In the records below, the lines from the one containing "nat) \<Rightarrow> nat" through the last are to be reproduced exactly and alone.

(Recorded data)

══════════════════════════════

text \<open>Local differential D = d_0 + d_1 as a matrix: ld pc i j is the coefficient of basis
  element i in D(basis element j).  Odd internal shifts negate the Koszul differentials.\<close>
definition ld :: "piece \<Rightarrow> nat \<Rightarrow> nat \<Rightarrow> mpoly" where
  "ld pc i j =
     (let V = (\<lambda>k. Var (preg pc k));
          c = V 1 - V 2 + V 3 - V 0;
          a0 = V 0 - V 2; a1 = V 1 - V 3 in
      case pkind pc of
        Arc \<Rightarrow> (if (i, j) = (1, 0) then a0 else if (i, j) = (0, 1) then a1 * c else 0)
      | PosX \<Rightarrow>
          (if (i, j) = (1, 0) then - a0 else if (i, j) = (0, 1) then - (a1 * c)
           else if (i, j) = (3, 2) then - a1 else if (i, j) = (2, 3) then - (a0 * c)
           else if (i, j) = (3, 0) then -1 else if (i, j) = (2, 1) then c else 0)
      | NegX \<Rightarrow>
          (if (i, j) = (1, 0) then - a1 else if (i, j) = (0, 1) then - (a0 * c)
           else if (i, j) = (3, 2) then - a0 else if (i, j) = (2, 3) then - (a1 * c)
           else if (i, j) = (3, 0) then -1 else if (i, j) = (2, 1) then c else 0))"

definition cbasis :: "'e diagram \<Rightarrow> (nat \<Rightarrow> nat) set" where
  "cbasis D = {b. (\<forall>p < length (pieces D). b p < lsize (pkind (pieces D ! p)))
                 \<and> (\<forall>p \<ge> length (pieces D). b p = 0)}"

definition ideg :: "'e diagram \<Rightarrow> (nat \<Rightarrow> nat) \<Rightarrow> int" where
  "ideg D b = (\<Sum>p<length (pieces D). lideg (pkind (pieces D ! p)) (b p))"

definition filt :: "'e diagram \<Rightarrow> (nat \<Rightarrow> nat) \<Rightarrow> int" where
  "filt D b = (\<Sum>p<length (pieces D). lfilt (pkind (pieces D ! p)) (b p))"

definition ksign :: "'e diagram \<Rightarrow> (nat \<Rightarrow> nat) \<Rightarrow> nat \<Rightarrow> mpoly" where
  "ksign D b p = (if even (\<Sum>q<p. lideg (pkind (pieces D ! q)) (b q)) then 1 else -1)"

text \<open>Matrix of the total differential of C(D): coefficient of b' in D(b).\<close>
definition dmat :: "'e diagram \<Rightarrow> (nat \<Rightarrow> nat) \<Rightarrow> (nat \<Rightarrow> nat) \<Rightarrow> mpoly" where
  "dmat D b' b = (\<Sum>p<length (pieces D).
      if (\<forall>q. q \<noteq> p \<longrightarrow> b' q = b q) then ksign D b p * ld (pieces D ! p) (b' p) (b p) else 0)"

══════════════════════════════

— Task output —
definition ksign :: "'e diagram \<Rightarrow> (nat \<Rightarrow> nat) \<Rightarrow> nat \<Rightarrow> mpoly" where
  "ksign D b p = (if even (\<Sum>q<p. lideg (pkind (pieces D ! q)) (b q)) then 1 else -1)"

text \<open>Matrix of the total differential of C(D): coefficient of b' in D(b).\<close>
definition dmat :: "'e diagram \<Rightarrow> (nat \<Rightarrow> nat) \<Rightarrow> (nat \<Rightarrow> nat) \<Rightarrow> mpoly" where
  "dmat D b' b = (\<Sum>p<length (pieces D).
      if (\<forall>q. q \<noteq> p \<longrightarrow> b' q = b q) then ksign D b p * ld (pieces D ! p) (b' p) (b p) else 0)"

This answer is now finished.